Transformer Isolation Voltage: VAC vs Vrms

Hello,

I have recently designed a power supply circuit using the flyback converter topology to step down my input voltage and produce a 5v output supply to power an embedded systems project I am working on.

One key design consideration was meeting a requirement for 2kV galvanic isolation between the input and output stages of this converter. When choosing a transformer I selected [THIS - 750319924] model which is available through DigiKey.

At the time I selected it I was operating under the assumption that I could calculate the peak voltage isolation by simply multiplying the value given by the component page on DigiKey’s site (1500 Vrms) by sqrt(2) which gives 2115 Vpeak.

However, after a colleague pointed out that the official datasheet for said transformer lists the isolation test voltage as 1500 V (AC).

Now I have confused myself and I am unsure if this is the same thing. A cursory google search tells me that V (AC) =/= Vrms.
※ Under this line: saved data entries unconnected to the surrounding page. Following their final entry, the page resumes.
(* Assume the system $\dot x(t)=f(x_t,u(t))$ as in the context is robustly forward complete. Let $S\subseteq\mathcal X^n$ be compact, $\mathcal U\subseteq\mathbb R^m$ bounded and $T>0$. Then the closure in $\mathcal X^n$ of $\mathcal R^T_{\mathcal U}(S)=\{x_t^{\xi,u}:\ 0\le t\le T,\ u\in\mathcal M_{\mathcal U},\ \xi\in S\}$ is compact.
   Context: Fix $\theta>0$; $\mathcal X^n=C([-\theta,0],\mathbb R^n)$ with norm $\|\xi\|_{\mathcal X}=\max_{s\in[-\theta,0]}|\xi(s)|$; $x_t(s)=x(t+s)$. $\mathcal M$: measurable locally essentially bounded $u:\mathbb R_{\ge0}\to\mathbb R^m$, $\|u\|$ the essential supremum on $[0,\infty)$; $\mathcal M_{\mathcal U}$: those with values in $\mathcal U$. $f:\mathcal X^n\times\mathbb R^m\to\mathbb R^n$ is locally Lipschitz and maps bounded sets to bounded sets; $x(\cdot,\xi,u)$ is the unique maximal solution with $x(s)=\xi(s)$ on $[-\theta,0]$ and input $u$, and $x_t^{\xi,u}(s)=x(t+s,\xi,u)$. Robustly forward complete: every maximal solution is defined for all $t\ge0$ and for every $T,R>0$, $\sup\{\|x_t^{\xi,u}\|_{\mathcal X}:\|\xi\|_{\mathcal X}\le R,\|u\|\le R,t\in[0,T]\}<\infty$. *)

theory Defs
  imports "HOL-Analysis.Analysis"
begin

text \<open>State space X^n = C([-theta,0], R^n) with the sup-norm metric, realised as the library's
  metric space of (bounded) continuous functions on the topological space [-theta,0]
  (elements are extensional, i.e. undefined outside [-theta,0]).\<close>
definition Xspace :: "real \<Rightarrow> (real \<Rightarrow> real^'n) metric" where
  "Xspace \<theta> = cfunspace (top_of_set {-\<theta>..0}) euclidean_metric"

definition xnorm :: "real \<Rightarrow> (real \<Rightarrow> real^'n) \<Rightarrow> real" where
  "xnorm \<theta> \<xi> = (SUP s\<in>{-\<theta>..0}. norm (\<xi> s))"

definition hist :: "real \<Rightarrow> (real \<Rightarrow> real^'n) \<Rightarrow> real \<Rightarrow> (real \<Rightarrow> real^'n)" where
  "hist \<theta> x t = restrict (\<lambda>s. x (t + s)) {-\<theta>..0}"

definition inputs :: "(real \<Rightarrow> real^'m) set" where
  "inputs = {u. u \<in> borel_measurable (lebesgue_on {0..}) \<and>
                (\<forall>T\<ge>0. \<exists>C. AE s in lebesgue_on {0..T}. norm (u s) \<le> C)}"

definition inputs_in :: "(real^'m) set \<Rightarrow> (real \<Rightarrow> real^'m) set" where
  "inputs_in U = {u \<in> inputs. \<forall>t\<ge>0. u t \<in> U}"

definition unorm_le :: "(real \<Rightarrow> real^'m) \<Rightarrow> real \<Rightarrow> bool" where
  "unorm_le u R \<longleftrightarrow> (AE t in lebesgue_on {0..}. norm (u t) \<le> R)"

definition loc_lipschitz ::
  "real \<Rightarrow> ((real \<Rightarrow> real^'n) \<Rightarrow> real^'m \<Rightarrow> real^'n) \<Rightarrow> bool" where
  "loc_lipschitz \<theta> f \<longleftrightarrow>
     (\<forall>\<xi>0\<in>mspace (Xspace \<theta>). \<forall>v0. \<exists>r>0. \<exists>L.
        \<forall>\<xi>1\<in>mspace (Xspace \<theta>). \<forall>\<xi>2\<in>mspace (Xspace \<theta>). \<forall>v1 v2.
          mdist (Xspace \<theta>) \<xi>1 \<xi>0 < r \<and> dist v1 v0 < r \<and>
          mdist (Xspace \<theta>) \<xi>2 \<xi>0 < r \<and> dist v2 v0 < r \<longrightarrow>
          norm (f \<xi>1 v1 - f \<xi>2 v2) \<le> L * (mdist (Xspace \<theta>) \<xi>1 \<xi>2 + dist v1 v2))"

definition bounded_on_bounded ::
  "real \<Rightarrow> ((real \<Rightarrow> real^'n) \<Rightarrow> real^'m \<Rightarrow> real^'n) \<Rightarrow> bool" where
  "bounded_on_bounded \<theta> f \<longleftrightarrow>
     (\<forall>R. \<exists>C. \<forall>\<xi>\<in>mspace (Xspace \<theta>). \<forall>v.
        xnorm \<theta> \<xi> \<le> R \<and> norm v \<le> R \<longrightarrow> norm (f \<xi> v) \<le> C)"

text \<open>x is a (Caratheodory) solution on [-theta, inf) of x'(t) = f(x_t, u(t)) with
  initial history xi, written in integral form.\<close>
definition is_solution ::
  "real \<Rightarrow> ((real \<Rightarrow> real^'n) \<Rightarrow> real^'m \<Rightarrow> real^'n) \<Rightarrow> (real \<Rightarrow> real^'n)
     \<Rightarrow> (real \<Rightarrow> real^'m) \<Rightarrow> (real \<Rightarrow> real^'n) \<Rightarrow> bool" where
  "is_solution \<theta> f \<xi> u x \<longleftrightarrow>
     (\<forall>s\<in>{-\<theta>..0}. x s = \<xi> s) \<and> continuous_on {-\<theta>..} x \<and>
     (\<forall>t\<ge>0. ((\<lambda>s. f (hist \<theta> x s) (u s)) has_integral (x t - x 0)) {0..t})"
Can anyone provide more information or clarify this for me? I am wondering if the product page on DigiKey incorrectly listed the component’s isolation at 1500 Vrms when it should actually be 1500 V (AC). Are these really the same thing?
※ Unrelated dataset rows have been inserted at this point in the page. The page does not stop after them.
(* Let $\varepsilon>0$. For a prime $q\leqslant x^{1-\varepsilon}$, real $z\leqslant 2x$, and any interval $I\subset[x,3x]$, \[ \frac1{\varphi(q)}\sum_{\chi\neq\chi_0}\left|\sum_{\substack{c^6\leqslant z\\ nc^6\in I}}\mu(c)\chi(n)\chi(c)^6f(n)\right|^2\ll_\varepsilon\Big(z^{\frac13}+|I|^{\frac16}q^{\frac56}\Big)\log^6x, \] where $|I|$ is the length of $I$.
   Context: Sums run over positive integers $n,c$; the outer sum is over non-principal Dirichlet characters $\chi$ modulo $q$ ($\chi_0$ the principal character). $\mu$ is the Möbius function and $\varphi$ Euler's totient function. $f(u):=\frac{\zeta(3/2)}{2u^{1/2}}+\frac{\zeta(2/3)}{3u^{2/3}}$ for $u>0$. *)

theory Defs
  imports "HOL-Analysis.Analysis" "HOL-Computational_Algebra.Squarefree" "HOL-Number_Theory.Totient"
begin

definition moebius_mu :: "nat \<Rightarrow> int" where
  "moebius_mu n = (if squarefree n then (-1) ^ card (prime_factors n) else 0)"

text \<open>Riemann zeta function at real s > 0, s \<noteq> 1, via the Dirichlet eta function:
  zeta s = (sum_{n>=1} (-1)^(n-1) n^(-s)) / (1 - 2^(1-s)).  This is the analytic
  continuation on (0,1) and agrees with sum n^(-s) for s > 1.\<close>
definition rzeta :: "real \<Rightarrow> real" where
  "rzeta s = (\<Sum>n. (-1) ^ n / real (n + 1) powr s) / (1 - 2 powr (1 - s))"

definition fw :: "real \<Rightarrow> real" where
  "fw u = rzeta (3/2) / (2 * u powr (1/2)) + rzeta (2/3) / (3 * u powr (2/3))"

definition dirichlet_char :: "nat \<Rightarrow> (nat \<Rightarrow> complex) \<Rightarrow> bool" where
  "dirichlet_char q chi \<longleftrightarrow> q > 0 \<and>
     (\<forall>m n. chi (m * n) = chi m * chi n) \<and>
     (\<forall>n. chi (n + q) = chi n) \<and>
     (\<forall>n. chi n = 0 \<longleftrightarrow> \<not> coprime n q) \<and>
     chi 1 = 1"

definition principal_char :: "nat \<Rightarrow> nat \<Rightarrow> complex" where
  "principal_char q n = (if coprime n q then 1 else 0)"

end

theory Submission
  imports Defs "HOL-Number_Theory.Number_Theory"
begin

text \<open>
  Split the double sum according to \<open>c\<close>. There are at most \<open>z^(1/6)\<close> values of \<open>c\<close> and the
  weights \<open>\<mu>(c) \<chi>(c)^6\<close> have modulus at most 1, so by Cauchy--Schwarz it suffices that, for each
  fixed \<open>c\<close>, the mean square over the non-principal \<open>\<chi>\<close> of the sum of \<open>\<chi>(n) f(n)\<close> over
  \<open>n c^6 \<in> I\<close> is \<open>O(1)\<close>. By orthogonality (Bessel's inequality) this mean square is at most
  \<open>\<Sum>\<^sub>r (B\<^sub>r - m)^2\<close>, where \<open>B\<^sub>r\<close> is the sum of \<open>f\<close> over the residue class \<open>r\<close> mod \<open>q\<close> and
  \<open>m\<close> is arbitrary. The range of \<open>n\<close> is an interval \<open>[a, b]\<close> with \<open>a c^6 \<ge> x\<close>. As \<open>f\<close> is a
  fixed combination of the decreasing functions \<open>n^(-1/2)\<close> and \<open>n^(-2/3)\<close>, any two class sums
  differ by \<open>O(a^(-1/2))\<close>, which gives \<open>O(q c^6 / x) = O(1)\<close> when \<open>q c^6 \<le> x\<close>; when
  \<open>q c^6 > x\<close> every class has at most four terms and \<open>\<Sum>\<^sub>r B\<^sub>r^2 = O((b - a + 1) / a) = O(1)\<close>.
  The whole expression is therefore \<open>O(z^(1/3))\<close>, which is stronger than the stated bound and
  does not need the hypothesis \<open>q \<le> x^(1 - \<epsilon>)\<close>.
\<close>

section \<open>Dirichlet characters\<close>

lemma dirichlet_char_mod:
  assumes "dirichlet_char q chi"
  shows "chi (n mod q) = chi n"
proof -
  have "chi (m + k * q) = chi m" for m k
  proof (induction k)
    case (Suc k)
    have "chi (m + Suc k * q) = chi ((m + k * q) + q)" by (simp add: algebra_simps)
    also have "\<dots> = chi m" using assms Suc by (simp add: dirichlet_char_def)
    finally show ?case .
  qed simp
  from this[of "n mod q" "n div q"] show ?thesis by simp
qed

lemma dirichlet_char_mult: "dirichlet_char q chi \<Longrightarrow> chi (m * n) = chi m * chi n"
  by (simp add: dirichlet_char_def)

lemma dirichlet_char_power:
  assumes "dirichlet_char q chi"
  shows "chi (n ^ k) = chi n ^ k"
  using assms by (induction k) (simp_all add: dirichlet_char_def)

lemma dirichlet_char_eq_0_iff: "dirichlet_char q chi \<Longrightarrow> chi n = 0 \<longleftrightarrow> \<not> coprime n q"
  by (simp add: dirichlet_char_def)

lemma norm_dirichlet_char_coprime:
  assumes chi: "dirichlet_char q chi" and "coprime n q"
  shows "norm (chi n) = 1"
proof -
  have "n ^ totient q mod q = 1 mod q"
    using euler_theorem[OF \<open>coprime n q\<close>] by (simp add: cong_def)
  then have "chi (n ^ totient q) = chi 1" by (metis dirichlet_char_mod[OF chi])
  then have "norm (chi n) ^ totient q = 1"
    using chi by (simp add: dirichlet_char_def dirichlet_char_power[OF chi] flip: norm_power)
  moreover have "totient q > 0" using chi by (simp add: dirichlet_char_def)
  ultimately show ?thesis using power_eq_imp_eq_base[of "norm (chi n)" "totient q" 1] by simp
qed

lemma norm_dirichlet_char_le_1:
  assumes "dirichlet_char q chi"
  shows "norm (chi n) \<le> 1"
proof (cases "coprime n q")
  case True
  then show ?thesis using norm_dirichlet_char_coprime[OF assms] by simp
next
  case False
  then have "chi n = 0" using dirichlet_char_eq_0_iff[OF assms] by blast
  then show ?thesis by simp
qed

lemma dirichlet_char_principal:
  assumes "q > 0"
  shows "dirichlet_char q (principal_char q)"
proof -
  have "coprime (n + q) q \<longleftrightarrow> coprime n q" for n
    unfolding coprime_iff_gcd_eq_1 by (simp only: gcd_add1)
  then show ?thesis using assms unfolding dirichlet_char_def principal_char_def by auto
qed

lemma prime_coprime_residue:
  fixes q r :: nat
  assumes "prime q" "r \<in> {1..<q}"
  shows "coprime r q"
proof -
  have "\<not> q dvd r" using assms(2) by (auto dest: dvd_imp_le)
  then show ?thesis using assms(1) by (metis prime_imp_coprime coprime_commute)
qed

lemma bij_betw_mult_mod_prime:
  fixes q a :: nat
  assumes q: "prime q" and a: "coprime a q"
  shows "bij_betw (\<lambda>r. a * r mod q) {1..<q} {1..<q}"
proof -
  let ?h = "\<lambda>r. a * r mod q"
  have inj: "inj_on ?h {1..<q}"
  proof
    fix r s assume "r \<in> {1..<q}" "s \<in> {1..<q}" "?h r = ?h s"
    moreover from \<open>?h r = ?h s\<close> have "[r * a = s * a] (mod q)"
      by (simp add: cong_def mult.commute)
    then have "[r = s] (mod q)" using cong_mult_rcancel_nat[OF a] by blast
    ultimately show "r = s" using cong_less_modulus_unique_nat by auto
  qed
  have "?h r \<in> {1..<q}" if "r \<in> {1..<q}" for r
  proof -
    have "coprime (a * r) q" using a prime_coprime_residue[OF q that] by simp
    then have "\<not> q dvd a * r" using prime_gt_1_nat[OF q]
      by (metis coprime_common_divisor dvd_refl nat_dvd_1_iff_1 less_irrefl)
    then show ?thesis using prime_gt_0_nat[OF q] by (simp add: dvd_eq_mod_eq_0)
  qed
  then have "?h ` {1..<q} \<subseteq> {1..<q}" by blast
  with inj show ?thesis by (simp add: bij_betw_def endo_inj_surj)
qed

lemma dirichlet_char_orthogonality:
  assumes q: "prime q" and chi: "dirichlet_char q chi" and psi: "dirichlet_char q psi"
  shows "(\<Sum>r\<in>{1..<q}. cnj (chi r) * psi r) = (if chi = psi then of_nat (q - 1) else 0)"
proof (cases "chi = psi")
  case True
  have "cnj (chi r) * chi r = 1" if "r \<in> {1..<q}" for r
    using complex_norm_square[of "chi r"] norm_dirichlet_char_coprime[OF chi prime_coprime_residue[OF q that]]
    by (simp add: mult.commute)
  then show ?thesis using True by simp
next
  case False
  then obtain a0 where "chi a0 \<noteq> psi a0" by blast
  define a where "a = a0 mod q"
  have ne: "chi a \<noteq> psi a"
    using \<open>chi a0 \<noteq> psi a0\<close> by (simp add: a_def dirichlet_char_mod[OF chi] dirichlet_char_mod[OF psi])
  then have a: "coprime a q"
    using dirichlet_char_eq_0_iff[OF chi] dirichlet_char_eq_0_iff[OF psi] by metis
  define u where "u = cnj (chi a) * psi a"
  have "chi a * cnj (chi a) = 1"
    using complex_norm_square[of "chi a"] norm_dirichlet_char_coprime[OF chi a] by simp
  then have "psi a = chi a * u" by (simp add: u_def mult.assoc[symmetric])
  with ne have "u \<noteq> 1" by auto
  let ?F = "\<lambda>r. cnj (chi r) * psi r"
  \<comment> \<open>The sum is invariant under the substitution \<open>r \<mapsto> a r\<close>, which multiplies it by \<open>u \<noteq> 1\<close>.\<close>
  have "(\<Sum>r\<in>{1..<q}. ?F r) = (\<Sum>r\<in>{1..<q}. ?F (a * r mod q))"
    using sum.reindex_bij_betw[OF bij_betw_mult_mod_prime[OF q a], of ?F] by simp
  also have "\<dots> = (\<Sum>r\<in>{1..<q}. u * ?F r)"
    by (simp add: u_def dirichlet_char_mod[OF chi] dirichlet_char_mod[OF psi]
        dirichlet_char_mult[OF chi] dirichlet_char_mult[OF psi] mult_ac)
  also have "\<dots> = u * (\<Sum>r\<in>{1..<q}. ?F r)" by (simp add: sum_distrib_left)
  finally have "(1 - u) * (\<Sum>r\<in>{1..<q}. ?F r) = 0" by (simp add: algebra_simps)
  then show ?thesis using \<open>u \<noteq> 1\<close> False by simp
qed

lemma sum_nonprincipal_dirichlet_char:
  assumes q: "prime q" and chi: "dirichlet_char q chi" and "chi \<noteq> principal_char q"
  shows "(\<Sum>r\<in>{1..<q}. chi r) = 0"
proof -
  have "(\<Sum>r\<in>{1..<q}. chi r) = (\<Sum>r\<in>{1..<q}. cnj (principal_char q r) * chi r)"
    using prime_coprime_residue[OF q] by (intro sum.cong) (auto simp: principal_char_def)
  also have "\<dots> = 0"
    using dirichlet_char_orthogonality[OF q dirichlet_char_principal[OF prime_gt_0_nat[OF q]] chi]
      assms(3) by simp
  finally show ?thesis .
qed

section \<open>Bessel's inequality for characters\<close>

lemma sum_norm_diff_squared:
  fixes D W :: "'a \<Rightarrow> complex"
  shows "of_real (\<Sum>r\<in>R. (norm (D r - W r))\<^sup>2) = (\<Sum>r\<in>R. D r * cnj (D r))
    - (\<Sum>r\<in>R. cnj (D r) * W r) - cnj (\<Sum>r\<in>R. cnj (D r) * W r) + (\<Sum>r\<in>R. W r * cnj (W r))"
proof -
  have "of_real ((norm (D r - W r))\<^sup>2) = D r * cnj (D r) - cnj (D r) * W r
      - cnj (cnj (D r) * W r) + W r * cnj (W r)" for r
    using complex_norm_square[of "D r - W r"] by (simp add: algebra_simps)
  then show ?thesis by (simp add: of_real_sum sum.distrib sum_subtractf)
qed

lemma bessel_inequality:
  fixes S :: "('a \<Rightarrow> complex) set" and R :: "'a set" and D :: "'a \<Rightarrow> complex"
  assumes "finite S" "finite R" "p > 0"
    and orth: "\<And>chi psi. chi \<in> S \<Longrightarrow> psi \<in> S \<Longrightarrow>
        (\<Sum>r\<in>R. cnj (chi r) * psi r) = (if chi = psi then of_real p else 0)"
  shows "(\<Sum>chi\<in>S. (norm (\<Sum>r\<in>R. chi r * D r))\<^sup>2) \<le> p * (\<Sum>r\<in>R. (norm (D r))\<^sup>2)"
proof -
  define T where "T chi = (\<Sum>r\<in>R. chi r * D r)" for chi
  define t where "t = (\<Sum>chi\<in>S. (norm (T chi))\<^sup>2)"
  \<comment> \<open>\<open>W\<close> is the orthogonal projection of \<open>D\<close> onto the span of \<open>S\<close>; expand \<open>\<parallel>D - W\<parallel>\<^sup>2 \<ge> 0\<close>.\<close>
  define W where "W r = (\<Sum>chi\<in>S. T chi * cnj (chi r)) / of_real p" for r
  have norm_sq: "z * cnj z = of_real ((norm z)\<^sup>2)" for z :: complex
    by (rule complex_norm_square[symmetric])
  have DW: "(\<Sum>r\<in>R. cnj (D r) * W r) = of_real (t / p)"
  proof -
    have "(\<Sum>r\<in>R. cnj (D r) * W r) = (\<Sum>r\<in>R. \<Sum>chi\<in>S. T chi * cnj (chi r * D r)) / of_real p"
      unfolding W_def by (simp add: sum_distrib_left sum_divide_distrib algebra_simps)
    also have "\<dots> = (\<Sum>chi\<in>S. T chi * cnj (T chi)) / of_real p"
      unfolding T_def by (subst sum.swap) (simp add: sum_distrib_left)
    finally show ?thesis by (simp add: norm_sq t_def)
  qed
  have WW: "(\<Sum>r\<in>R. W r * cnj (W r)) = of_real (t / p)"
  proof -
    have "(\<Sum>r\<in>R. W r * cnj (W r))
        = (\<Sum>chi\<in>S. \<Sum>psi\<in>S. T chi * cnj (T psi) * (\<Sum>r\<in>R. cnj (chi r) * psi r)) / of_real p ^ 2"
      unfolding W_def
      by (simp add: sum_distrib_left sum_distrib_right sum_divide_distrib power2_eq_square
          algebra_simps sum.swap[of _ R])
    also have "\<dots> = (\<Sum>chi\<in>S. T chi * cnj (T chi)) / of_real p"
      using assms(1,3) by (simp add: orth if_distrib sum.delta power2_eq_square cong: if_cong)
        (simp add: sum_divide_distrib)
    finally show ?thesis by (simp add: norm_sq t_def)
  qed
  have "of_real (\<Sum>r\<in>R. (norm (D r - W r))\<^sup>2) = (\<Sum>r\<in>R. D r * cnj (D r))
      - (\<Sum>r\<in>R. cnj (D r) * W r) - cnj (\<Sum>r\<in>R. cnj (D r) * W r) + (\<Sum>r\<in>R. W r * cnj (W r))"
    by (rule sum_norm_diff_squared)
  also have "\<dots> = of_real ((\<Sum>r\<in>R. (norm (D r))\<^sup>2) - t / p)"
    unfolding DW WW by (simp add: norm_sq)
  finally have "(\<Sum>r\<in>R. (norm (D r - W r))\<^sup>2) = (\<Sum>r\<in>R. (norm (D r))\<^sup>2) - t / p"
    using of_real_eq_iff by blast
  moreover have "0 \<le> (\<Sum>r\<in>R. (norm (D r - W r))\<^sup>2)" by (simp add: sum_nonneg)
  ultimately have "t / p \<le> (\<Sum>r\<in>R. (norm (D r))\<^sup>2)" by linarith
  then show ?thesis using assms(3) unfolding t_def T_def by (simp add: field_simps)
qed

definition residue_class_sum :: "(nat \<Rightarrow> real) \<Rightarrow> nat set \<Rightarrow> nat \<Rightarrow> nat \<Rightarrow> real" where
  "residue_class_sum g N q r = (\<Sum>n\<in>{n\<in>N. n mod q = r}. g n)"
I am stressing about whether I need to change out my transformer for something with a higher isolation rating, but doing so will increase cost and require a larger physical footprint on the final pcb.

Any assistance would be greatly appreciated. Thanks!

@patjwbrown

I find the same information for the item you had ordered and swapping it our for one rated for your needs would be needed.

Looking over options that are otherwise similar I find the below.

750313109
Data-sheet shows a value of 2400VDC (~3394vac)

750313109 Würth Elektronik | Transformers | DigiKey

PDC023-EP13A05S
Data-sheet shows a value of 3000Vac

The sizes for these are different however they are not super huge either.

750319924 = 13.34mm x 11.43mm tall x 15.24mm
750313109 = 9.78mm x 10.54mm tall x 9.5mm
PDC023-EP13A05S = 17.5mm x 13.5mm x 13.00mm tall

I would have gone with the PDC023-EP13A05S but it is not an item we keep in-stock.

The 750313109 ($7.68USD) is a similar price to the 750319924 ($8.24USD)

As for the data being listed as it is on the site I have submitted an inquiry to have it reviewed.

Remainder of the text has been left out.